Enfin, il est évident que la lecture accroit notre culture et le livre est un outil merveilleux pour avoir accès à la pensée de quelqu’un d’autre. Songeons simplement qu’une personne, que nous ne pourrions rencontrer, a pris le temps de réfléchir en profondeur sur un sujet donné et, grâce au livre, nous pouvons alors profiter de toute cette réflexion.

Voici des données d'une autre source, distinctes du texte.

(* Let $X$ be a Hilbert space, $B$, $(X_\tau)$, $a>0$, $G$, $\varphi$, $\overline{u}$, $u^\dagger$ as in the context with $u^\dagger-\overline{u}=\varphi(G)w$, $\|w\|\le\rho$. For $\alpha>0$ let $\hat u_\alpha:=\overline{u}+G(G+\alpha I)^{-1}(u^\dagger-\overline{u})$ and $r:=\frac{2a+2}{a}$. Then there exist positive constants $C_1,C_2,C_3$ and $\alpha_0\le\|G\|$ such that for all $\alpha\in(0,\alpha_0]$: (i) $\|\hat u_\alpha-u^\dagger\|\le C_1\varphi(\alpha)$; (ii) $\|\hat u_\alpha-u^\dagger\|_{-a}\le C_2\alpha^{1/r}\varphi(\alpha)$; (iii) $\|\hat u_\alpha-\overline{u}\|_1\le C_3\alpha^{-\frac{1}{ra}}\varphi(\alpha)$.
   Context: $B:\mathcal{D}(B)\subset X\to X$ is a densely defined, selfadjoint, unbounded linear operator with $\|Bu\|\ge m\|u\|$ for all $u\in\mathcal{D}(B)$, some $m>0$. Hilbert scale: $X_\tau=\mathcal{D}(B^\tau)$ for $\tau>0$ and $X_\tau=X$ for $\tau\le0$, with $\|u\|_\tau=\|B^\tau u\|$. $G:=B^{-(2a+2)}$ (bounded, injective, selfadjoint, positive semidefinite). $\kappa>0$, $c\in(0,\|G\|^{-1})$, $\varphi:(0,\|G\|]\to(0,\infty)$, $\varphi(t)=(-\ln(ct))^{-\kappa}$. $\overline{u},u^\dagger\in X$ with $u^\dagger-\overline{u}=\varphi(G)w$ for some $w\in X$, $\|w\|\le\rho$, $\rho>0$. *)

theory Defs
  imports "HOL-Analysis.Analysis" "HOL-Computational_Algebra.Polynomial"
begin

definition poly_op :: "real poly \<Rightarrow> ('a::real_normed_vector \<Rightarrow> 'a) \<Rightarrow> 'a \<Rightarrow> 'a" where
  "poly_op p T x = (\<Sum>i\<le>degree p. coeff p i *\<^sub>R (T ^^ i) x)"

text \<open>Continuous functional calculus of a bounded, selfadjoint, positive semidefinite
  operator T (spectrum contained in [0, norm T]): f(T) is the operator-norm limit of p(T)
  for polynomials p converging uniformly to f on [0, norm T].\<close>
definition fcalc :: "(real \<Rightarrow> real) \<Rightarrow> ('a::real_normed_vector \<Rightarrow> 'a) \<Rightarrow> 'a \<Rightarrow> 'a" where
  "fcalc f T = (THE S. bounded_linear S \<and>
     (\<forall>\<epsilon>>0. \<exists>\<delta>>0. \<forall>p. (\<forall>t\<in>{0..onorm T}. \<bar>poly p t - f t\<bar> < \<delta>) \<longrightarrow>
        onorm (\<lambda>x. S x - poly_op p T x) \<le> \<epsilon>))"

definition resolv :: "('a::real_normed_vector \<Rightarrow> 'a) \<Rightarrow> real \<Rightarrow> 'a \<Rightarrow> 'a" where
  "resolv T \<alpha> = (THE R. bounded_linear R \<and> (\<forall>x. R (T x + \<alpha> *\<^sub>R x) = x)
                        \<and> (\<forall>x. T (R x) + \<alpha> *\<^sub>R R x = x))"

definition phi :: "real \<Rightarrow> real \<Rightarrow> real \<Rightarrow> real" where
  "phi c \<kappa> t = (if t \<le> 0 then 0 else (- ln (c * t)) powr (- \<kappa>))"

definition linear_on :: "'a::real_vector set \<Rightarrow> ('a \<Rightarrow> 'a) \<Rightarrow> bool" where
  "linear_on D B \<longleftrightarrow> (\<forall>u\<in>D. \<forall>v\<in>D. B (u + v) = B u + B v) \<and> (\<forall>r. \<forall>u\<in>D. B (r *\<^sub>R u) = r *\<^sub>R B u)"

definition selfadjoint_unbounded :: "'a::{real_inner,complete_space} set \<Rightarrow> ('a \<Rightarrow> 'a) \<Rightarrow> bool" where
  "selfadjoint_unbounded D B \<longleftrightarrow> subspace D \<and> closure D = UNIV \<and> linear_on D B
     \<and> (\<forall>u\<in>D. \<forall>v\<in>D. inner (B u) v = inner u (B v))
     \<and> (\<forall>v. (\<exists>z. \<forall>u\<in>D. inner (B u) v = inner u z) \<longrightarrow> v \<in> D)
     \<and> \<not> (\<exists>K. \<forall>u\<in>D. norm (B u) \<le> K * norm u)"

text \<open>B^{-s} for s >= 0, defined through the bounded positive inverse Binv = B^{-1}.\<close>
definition neg_pow :: "('a::real_normed_vector \<Rightarrow> 'a) \<Rightarrow> real \<Rightarrow> 'a \<Rightarrow> 'a" where
  "neg_pow Binv s = fcalc (\<lambda>t. t powr s) Binv"

definition uhat :: "('a::real_normed_vector \<Rightarrow> 'a) \<Rightarrow> 'a \<Rightarrow> 'a \<Rightarrow> real \<Rightarrow> 'a" where
  "uhat G ubar udag \<alpha> = ubar + G (resolv G \<alpha> (udag - ubar))"

end

theory Submission
  imports Defs
begin

text \<open>With \<open>s = 2a + 2\<close> and \<open>G = B\<^sup>-\<^sup>s\<close>, all operators involved are functions of \<open>G\<close>:
  \<open>B\<^sup>-\<^sup>1 = G\<^sup>1\<^sup>/\<^sup>s\<close>, \<open>B\<^sup>-\<^sup>a = G\<^sup>a\<^sup>/\<^sup>s\<close>, and by the source condition
  \<open>\<hat>u\<^sub>\<alpha> - u\<^sup>\<dagger> = -\<alpha> (G + \<alpha>)\<^sup>-\<^sup>1 \<phi>(G) w\<close> and
  \<open>\<hat>u\<^sub>\<alpha> - \<bar>u = B\<^sup>-\<^sup>1 G\<^sup>1\<^sup>-\<^sup>1\<^sup>/\<^sup>s (G + \<alpha>)\<^sup>-\<^sup>1 \<phi>(G) w\<close>.
  Since \<open>\<parallel>f(G)\<parallel> \<le> max\<^bsub>[0, \<parallel>G\<parallel>]\<^esub> \<bar>f\<bar>\<close>, the three estimates reduce to the scalar bound
  \<open>u\<^sup>\<theta> \<phi>(u) / (u + \<alpha>) \<le> C \<alpha>\<^sup>\<theta>\<^sup>-\<^sup>1 \<phi>(\<alpha>)\<close> on \<open>[0, \<parallel>G\<parallel>]\<close> for \<open>\<theta> = 0, a/s, 1 - 1/s\<close>.
  For \<open>u \<le> \<alpha>\<close> it holds because \<open>\<phi>\<close> is increasing; for \<open>u > \<alpha>\<close> the factor
  \<open>(\<alpha>/u)\<^sup>1\<^sup>-\<^sup>\<theta>\<close> is exponentially small in \<open>ln(u/\<alpha>)\<close>, which beats the logarithmic growth of
  \<open>\<phi>(\<alpha>)\<^sup>-\<^sup>1\<close>.

  The functional calculus is built from polynomials: for a positive operator \<open>T\<close> and
  \<open>\<bar>p\<bar> \<le> M\<close> on \<open>[0, \<parallel>T\<parallel>]\<close>, the polynomial \<open>M\<^sup>2 - p\<^sup>2\<close> has an explicit certificate of
  nonnegativity on \<open>[0, \<parallel>T\<parallel>]\<close> that makes \<open>M\<^sup>2 - p(T)\<^sup>2\<close> a positive operator, whence
  \<open>\<parallel>p(T)\<parallel> \<le> M\<close>; Weierstrass approximation then extends \<open>p \<mapsto> p(T)\<close> to continuous functions.\<close>

section \<open>Polynomials in an operator\<close>

lemma poly_op_eq_sum_lessThan:
  assumes "degree p < n"
  shows "poly_op p T x = (\<Sum>i<n. coeff p i *\<^sub>R (T ^^ i) x)"
proof -
  have "(\<Sum>i<n. coeff p i *\<^sub>R (T ^^ i) x) = (\<Sum>i\<le>degree p. coeff p i *\<^sub>R (T ^^ i) x)"
    by (rule sum.mono_neutral_right) (use assms in \<open>auto simp: coeff_eq_0\<close>)
  then show ?thesis by (simp add: poly_op_def)
qed

lemma poly_op_0 [simp]: "poly_op 0 T x = 0"
  by (simp add: poly_op_def)

lemma poly_op_const: "poly_op [:c:] T x = c *\<^sub>R x"
  by (simp add: poly_op_def)

lemma poly_op_add: "poly_op (p + q) T x = poly_op p T x + poly_op q T x"
proof -
  define n where "n = Suc (max (degree p) (degree q))"
  have "degree (p + q) < n" "degree p < n" "degree q < n"
    using degree_add_le_max[of p q] by (auto simp: n_def)
  then show ?thesis
    by (simp only: poly_op_eq_sum_lessThan[of _ n] coeff_add scaleR_add_left sum.distrib)
qed

lemma poly_op_smult: "poly_op (smult c p) T x = c *\<^sub>R poly_op p T x"
proof -
  define n where "n = Suc (degree p)"
  have "degree (smult c p) < n" "degree p < n"
    using degree_smult_le[of c p] by (auto simp: n_def)
  then show ?thesis
    by (simp only: poly_op_eq_sum_lessThan[of _ n] coeff_smult scaleR_sum_right scaleR_scaleR)
qed

lemma poly_op_diff: "poly_op (p - q) T x = poly_op p T x - poly_op q T x"
  using poly_op_add[of p "smult (-1) q" T x] poly_op_smult[of "-1" q T x] by simp

lemma poly_op_pCons:
  assumes "linear T"
  shows "poly_op (pCons c p) T x = c *\<^sub>R x + T (poly_op p T x)"
proof -
  define n where "n = Suc (degree p)"
  have "poly_op (pCons c p) T x = (\<Sum>i<Suc n. coeff (pCons c p) i *\<^sub>R (T ^^ i) x)"
    using degree_pCons_le[of c p] by (intro poly_op_eq_sum_lessThan) (simp add: n_def)
  also have "\<dots> = c *\<^sub>R x + (\<Sum>i<n. coeff p i *\<^sub>R (T ^^ Suc i) x)"
    by (subst sum.lessThan_Suc_shift) simp
  also have "(\<Sum>i<n. coeff p i *\<^sub>R (T ^^ Suc i) x) = T (\<Sum>i<n. coeff p i *\<^sub>R (T ^^ i) x)"
    using assms by (simp add: linear_sum linear_scale)
  also have "(\<Sum>i<n. coeff p i *\<^sub>R (T ^^ i) x) = poly_op p T x"
    by (rule poly_op_eq_sum_lessThan[symmetric]) (simp add: n_def)
  finally show ?thesis .
qed

lemma poly_op_X: "linear T \<Longrightarrow> poly_op [:0, 1:] T x = T x"
  by (simp add: poly_op_pCons poly_op_const)

lemma poly_op_mult:
  assumes "linear T"
  shows "poly_op (p * q) T x = poly_op p T (poly_op q T x)"
proof (induction p arbitrary: x)
  case (pCons a p)
  have "poly_op (pCons a p * q) T x = a *\<^sub>R poly_op q T x + T (poly_op (p * q) T x)"
    using assms by (simp add: mult_pCons_left poly_op_add poly_op_smult poly_op_pCons)
  also have "\<dots> = poly_op (pCons a p) T (poly_op q T x)"
    using assms pCons.IH by (simp add: poly_op_pCons)
  finally show ?case .
qed simp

C’est là une fabuleuse définition de ce qu’est le partage ! Ce simple fait me parait tellement important, pour notre propre réflexion et notre propre évolution, voire notre enrichissement personnel (au-delà même du caractère « évasion » ou « délassement » de la lecture) que je ne parviens pas à comprendre comment certains estiment la lecture ennuyeuse ou inutile.
Cela tient sans doute au fait que nous sommes 7 milliards sur terre et qu’il existe 7 milliards manières différentes d’envisager le monde !
Alors, que répondre à la question initiale de savoir si lire rend plus intelligent ? Il est évident que cet acte accroît nos capacités et participe à un élargissement de notre champ de connaissances et de notre vision tout en nous procurant du plaisir. Ce n’est pas si mal ! Quittons-nous alors sur cette belle phrase de Jack London, emplie de promesses et de richesses : « Sur les rayons des bibliothèques, je vis un monde surgir de l’horizon ».